### RECORDS FOR THE EXERCISE
lemma has_real_derivative_integral_from:
  fixes f :: "real \<Rightarrow> real"
  assumes cont: "continuous_on UNIV f" and "\<And>x. x \<le> A \<Longrightarrow> f x = 0"
  shows "((\<lambda>y. integral {A..y} f) has_real_derivative f x) (at x)"
proof -
  define L where "L = min A x - 1"
  have int: "f integrable_on {a..b}" for a b
    by (rule integrable_continuous_interval, rule continuous_on_subset[OF cont]) auto
  have zero: "integral {L..y} f = 0" if "y \<le> A" for y
    using assms(2) that by (subst integral_cong[where g = "\<lambda>_. 0"]) auto
  have "integral {L..y} f = integral {A..y} f" for y
  proof (cases "y \<le> A")
    case False
    then have "integral {L..A} f + integral {A..y} f = integral {L..y} f"
      by (intro Henstock_Kurzweil_Integration.integral_combine int) (auto simp: L_def)
    then show ?thesis using zero[of A] by simp
  qed (use zero in \<open>cases "y = A", auto\<close>)
  moreover have "((\<lambda>y. integral {L..y} f) has_real_derivative f x) (at x within {L..x+1})"
    by (rule integral_has_real_derivative) (auto simp: L_def intro: continuous_on_subset[OF cont])
  moreover have "at x within {L..x+1} = at x"
    by (rule at_within_interior) (auto simp: L_def)
  ultimately show ?thesis by simp
qed
definition good_lower :: "nat \<Rightarrow> (nat \<Rightarrow> real) \<Rightarrow> (nat \<Rightarrow> real) \<Rightarrow> (nat \<Rightarrow> nat \<Rightarrow> real \<Rightarrow> real) \<Rightarrow> nat \<Rightarrow> nat \<Rightarrow> nat \<Rightarrow> bool" where
  "good_lower n vx vy E i j k \<longleftrightarrow> edge_prec vx E i j j k \<and> card (Vminus n vx vy E j k) \<le> 1"

end

theory Submission
  imports Defs
begin

text \<open>Say that \<open>v\<^sub>k\<close> is below \<open>v\<^sub>iv\<^sub>j\<close> for \<open>i < j < k\<close>. Edges sharing a vertex never cross and
  disjoint edges cross at most once, hence for \<open>a < b < c < d\<close> the vertex \<open>v\<^sub>d\<close> is below
  \<open>v\<^sub>av\<^sub>b\<close> iff it is below \<open>v\<^sub>av\<^sub>c\<close>, and \<open>v\<^sub>k\<close> below (above) \<open>v\<^sub>iv\<^sub>j\<close> gives
  \<open>v\<^sub>jv\<^sub>k \<prec> v\<^sub>iv\<^sub>j\<close> (\<open>v\<^sub>iv\<^sub>j \<prec> v\<^sub>jv\<^sub>k\<close>). So if no triplet within \<open>v\<^sub>1, \<dots>, v\<^sub>6\<close> is good,
  \<open>v\<^sub>k\<close> below \<open>v\<^sub>iv\<^sub>j\<close> forces \<open>|V\<^sup>+(v\<^sub>jv\<^sub>k)| > 1\<close> and above forces \<open>|V\<^sup>-(v\<^sub>jv\<^sub>k)| > 1\<close>.
  Chaining this with non-separation of \<open>v\<^sub>2v\<^sub>3\<close>, \<open>v\<^sub>3v\<^sub>d\<close> and the fan property, both
  \<open>v\<^sub>4\<close> and \<open>v\<^sub>5\<close> lie below \<open>v\<^sub>2v\<^sub>3\<close> iff \<open>|V\<^sup>+(v\<^sub>2v\<^sub>3)| > 1\<close>; either way \<open>v\<^sub>2v\<^sub>3\<close> is separating.\<close>

lemma connected_nonzero_sign_eq:
  fixes g :: "real \<Rightarrow> real"
  assumes "connected S" "continuous_on S g" "0 \<notin> g ` S" "s \<in> S" "t \<in> S"
  shows "0 < g s \<longleftrightarrow> 0 < g t"
proof -
  have image: "connected (g ` S)"
    by (rule connected_continuous_image[OF assms(2,1)])
  have no_sign_change: "\<not> (g u < 0 \<and> 0 < g v)" if "u \<in> S" "v \<in> S" for u v
    using connectedD_interval[OF image, of "g u" "g v" 0] assms(3) that by auto
  show ?thesis
    using no_sign_change[of s t] no_sign_change[of t s] assms(3-5)
    by (metis image_eqI linorder_neqE_linordered_idom)
qed

lemma IVT_strict_sign_change:
  fixes h :: "real \<Rightarrow> real"
  assumes "\<alpha> \<le> \<beta>" "continuous_on {\<alpha>..\<beta>} h" "h \<alpha> * h \<beta> < 0"
  shows "\<exists>x\<in>{\<alpha><..<\<beta>}. h x = 0"
proof (rule ccontr)
  assume "\<not> ?thesis"
  moreover have "h \<alpha> \<noteq> 0" "h \<beta> \<noteq> 0" using assms(3) by auto
  ultimately have "0 \<notin> h ` {\<alpha>..\<beta>}"
    by (force simp: less_eq_real_def)
  then have "0 < h \<alpha> \<longleftrightarrow> 0 < h \<beta>"
    using connected_nonzero_sign_eq[OF connected_Icc assms(2)] assms(1) by auto
  then show False using assms(3) by (auto simp: mult_less_0_iff)
qed

lemma frac_below_two:
  fixes t :: real
  assumes "0 \<le> t" "t < 2"
  shows "frac t = (if t < 1 then t else t - 1)"
proof (cases "t < 1")
  case False
  then have "\<lfloor>t\<rfloor> = 1" using assms(2) by (simp add: floor_eq_iff)
  then show ?thesis using False by (simp add: frac_def)
qed (use assms in \<open>simp add: frac_eq\<close>)

lemma finite_Vplus: "finite (Vplus n vx vy E i j)"
  by (rule finite_subset[of _ "{1..n}"]) (auto simp: Vplus_def)

lemma finite_Vminus: "finite (Vminus n vx vy E i j)"
  by (rule finite_subset[of _ "{1..n}"]) (auto simp: Vminus_def)

locale flag =
  fixes n :: nat and vx vy :: "nat \<Rightarrow> real" and E :: "nat \<Rightarrow> nat \<Rightarrow> real \<Rightarrow> real"
  assumes is_flag: "is_flag n vx vy E"
begin

lemma vx_bounds: "1 \<le> i \<Longrightarrow> i \<le> n \<Longrightarrow> 0 < vx i \<and> vx i < 1"
  using is_flag unfolding is_flag_def by auto

lemma vx_less: "1 \<le> i \<Longrightarrow> i < j \<Longrightarrow> j \<le> n \<Longrightarrow> vx i < vx j"
  using is_flag unfolding is_flag_def by auto

lemma edge_continuous:
  "1 \<le> i \<Longrightarrow> i < j \<Longrightarrow> j \<le> n \<Longrightarrow> continuous_on {vx j..1 + vx i} (E i j)"
  using is_flag unfolding is_flag_def by auto

lemma edge_start: "1 \<le> i \<Longrightarrow> i < j \<Longrightarrow> j \<le> n \<Longrightarrow> E i j (vx j) = vy j"
  using is_flag unfolding is_flag_def by auto

lemma edge_end: "1 \<le> i \<Longrightarrow> i < j \<Longrightarrow> j \<le> n \<Longrightarrow> E i j (1 + vx i) = vy i"
  using is_flag unfolding is_flag_def by auto

lemma edge_avoids_vertex:
  "\<lbrakk>1 \<le> i; i < j; j \<le> n; 1 \<le> s; s \<le> n; s \<noteq> i; s \<noteq> j; vx s \<in> edge_rint vx i j\<rbrakk>
   \<Longrightarrow> vy s \<noteq> edge_y vx E i j (vx s)"
  using is_flag unfolding is_flag_def by auto

lemma edges_meet_at_most_once:
  assumes "1 \<le> i" "i < j" "j \<le> n" "1 \<le> k" "k < l" "l \<le> n" "(i, j) \<noteq> (k, l)"
    "x \<in> edge_dom vx i j \<inter> edge_dom vx k l" "edge_y vx E i j x = edge_y vx E k l x"
    "x' \<in> edge_dom vx i j \<inter> edge_dom vx k l" "edge_y vx E i j x' = edge_y vx E k l x'"
  shows "x = x'"
proof -
  have "i \<in> {1..n}" "j \<in> {1..n}" "k \<in> {1..n}" "l \<in> {1..n}" using assms(1-6) by auto
  then show ?thesis using is_flag assms(2,5,7-11) unfolding is_flag_def by blast
qed

lemma lifted_point:
  assumes "1 \<le> i" "i < j" "j \<le> n" "vx j \<le> t" "t \<le> 1 + vx i"
  shows "frac t \<in> edge_dom vx i j" "edge_y vx E i j (frac t) = E i j t"
proof -
  have "0 < vx i" "vx i < 1" "0 < vx j" "vx j < 1" "vx i < vx j"
    using vx_bounds vx_less assms(1-3) by auto
  with assms(4,5) show "frac t \<in> edge_dom vx i j" "edge_y vx E i j (frac t) = E i j t"
    by (auto simp: frac_below_two edge_dom_def edge_y_def)
qed

lemma lifted_interior_point:
  assumes "1 \<le> i" "i < j" "j \<le> n" "vx j < t" "t < 1 + vx i"
  shows "frac t \<in> edge_rint vx i j"
proof -
  have "0 < vx i" "vx i < 1" "0 < vx j" "vx j < 1"
    using vx_bounds assms(1-3) by auto
  with assms(4,5) show ?thesis
    by (auto simp: frac_below_two edge_rint_def)
qed

lemma vertex_on_edge:
  assumes "1 \<le> i" "i < j" "j \<le> n" "m \<in> {i, j}"
  shows "vx m \<in> edge_dom vx i j" "edge_y vx E i j (vx m) = vy m"
proof -
  have "0 < vx i" "vx i < 1" "0 < vx j" "vx j < 1" "vx i < vx j"
    using vx_bounds vx_less assms(1-3) by auto
  with assms show "vx m \<in> edge_dom vx i j" "edge_y vx E i j (vx m) = vy m"
    using edge_start[OF assms(1-3)] edge_end[OF assms(1-3)]
    by (auto simp: edge_dom_def edge_y_def add.commute)
qed

text \<open>By simplicity, two edges with a common endpoint meet only there.\<close>

lemma common_vertex_edges_disjoint:
  assumes "1 \<le> i" "i < j" "j \<le> n" "1 \<le> k" "k < l" "l \<le> n" "(i, j) \<noteq> (k, l)"
    "m \<in> {i, j}" "m \<in> {k, l}" "vx j < t" "vx l < t" "t < 1 + vx i" "t < 1 + vx k"
  shows "E i j t \<noteq> E k l t"
proof
  assume meet: "E i j t = E k l t"
  have "frac t = vx m"
    using edges_meet_at_most_once[OF assms(1-7), of "frac t" "vx m"] meet
      lifted_point[OF assms(1-3), of t] lifted_point[OF assms(4-6), of t]
      vertex_on_edge[OF assms(1-3,8)] vertex_on_edge[OF assms(4-6,9)] assms(10-13)
    by auto
  moreover have "frac t \<in> edge_rint vx i j"
    using lifted_interior_point[OF assms(1-3,10,12)] .
  ultimately show False
    using assms(8) vx_less[OF assms(1-3)] by (auto simp: edge_rint_def)
qed

lemma common_vertex_edges_order_eq:
  assumes "1 \<le> i" "i < j" "j \<le> n" "1 \<le> k" "k < l" "l \<le> n" "(i, j) \<noteq> (k, l)"
    "m \<in> {i, j}" "m \<in> {k, l}" "vx j \<le> \<alpha>" "vx l \<le> \<alpha>" "\<beta> \<le> 1 + vx i" "\<beta> \<le> 1 + vx k"
    "s \<in> {\<alpha>..\<beta>}" "t \<in> {\<alpha>..\<beta>}" "E i j s \<noteq> E k l s" "E i j t \<noteq> E k l t"
  shows "E i j s < E k l s \<longleftrightarrow> E i j t < E k l t"
proof -
  define S where "S = {min s t..max s t}"
  have "S \<subseteq> {vx j..1 + vx i}" "S \<subseteq> {vx l..1 + vx k}"
    using assms(10-15) by (auto simp: S_def)
  then have "continuous_on S (\<lambda>u. E k l u - E i j u)"
    using edge_continuous[OF assms(1-3)] edge_continuous[OF assms(4-6)]
    by (intro continuous_on_diff) (auto elim: continuous_on_subset)
  moreover have "0 \<notin> (\<lambda>u. E k l u - E i j u) ` S"
  proof
    assume "0 \<in> (\<lambda>u. E k l u - E i j u) ` S"
    then obtain u where u: "u \<in> S" "E i j u = E k l u" by auto
    then have "u \<noteq> s" "u \<noteq> t" using assms(16,17) by auto
    then have "\<alpha> < u" "u < \<beta>" using u(1) assms(14,15) by (auto simp: S_def)
    then show False
      using common_vertex_edges_disjoint[OF assms(1-9), of u] u(2) assms(10-13) by auto
  qed
  ultimately have "0 < E k l s - E i j s \<longleftrightarrow> 0 < E k l t - E i j t"
    using connected_nonzero_sign_eq[OF connected_Icc, of "min s t" "max s t" "\<lambda>u. E k l u - E i j u" s t]
    unfolding S_def by auto
  then show ?thesis by simp
qed

lemma vertex_off_later_edge:
  assumes "1 \<le> i" "i < j" "j < k" "k \<le> n"
  shows "E i j (vx k) \<noteq> vy k"
proof -
  have "vx j < vx k" "0 < vx k" "vx k < 1" using vx_less vx_bounds assms by auto
  then show ?thesis
    using edge_avoids_vertex[of i j k] assms by (auto simp: edge_rint_def edge_y_def)
qed

lemma vertex_off_earlier_edge:
  assumes "1 \<le> a" "a < b" "b < c" "c \<le> n"
  shows "E b c (1 + vx a) \<noteq> vy a"
proof -
  have "vx a < vx b" "vx b < vx c" "0 < vx a" "vx a < 1" using vx_less vx_bounds assms by auto
  then show ?thesis
    using edge_avoids_vertex[of b c a] assms by (auto simp: edge_rint_def edge_y_def add.commute)
qed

### WORK TASK
Using the data above, reproduce exactly the lines from the line that contains "Chaining this with" through the line that contains "by (rule connected_continuous_image[OF", including both.

### FINAL ANSWER
  Chaining this with non-separation of \<open>v\<^sub>2v\<^sub>3\<close>, \<open>v\<^sub>3v\<^sub>d\<close> and the fan property, both
  \<open>v\<^sub>4\<close> and \<open>v\<^sub>5\<close> lie below \<open>v\<^sub>2v\<^sub>3\<close> iff \<open>|V\<^sup>+(v\<^sub>2v\<^sub>3)| > 1\<close>; either way \<open>v\<^sub>2v\<^sub>3\<close> is separating.\<close>

lemma connected_nonzero_sign_eq:
  fixes g :: "real \<Rightarrow> real"
  assumes "connected S" "continuous_on S g" "0 \<notin> g ` S" "s \<in> S" "t \<in> S"
  shows "0 < g s \<longleftrightarrow> 0 < g t"
proof -
  have image: "connected (g ` S)"
    by (rule connected_continuous_image[OF assms(2,1)])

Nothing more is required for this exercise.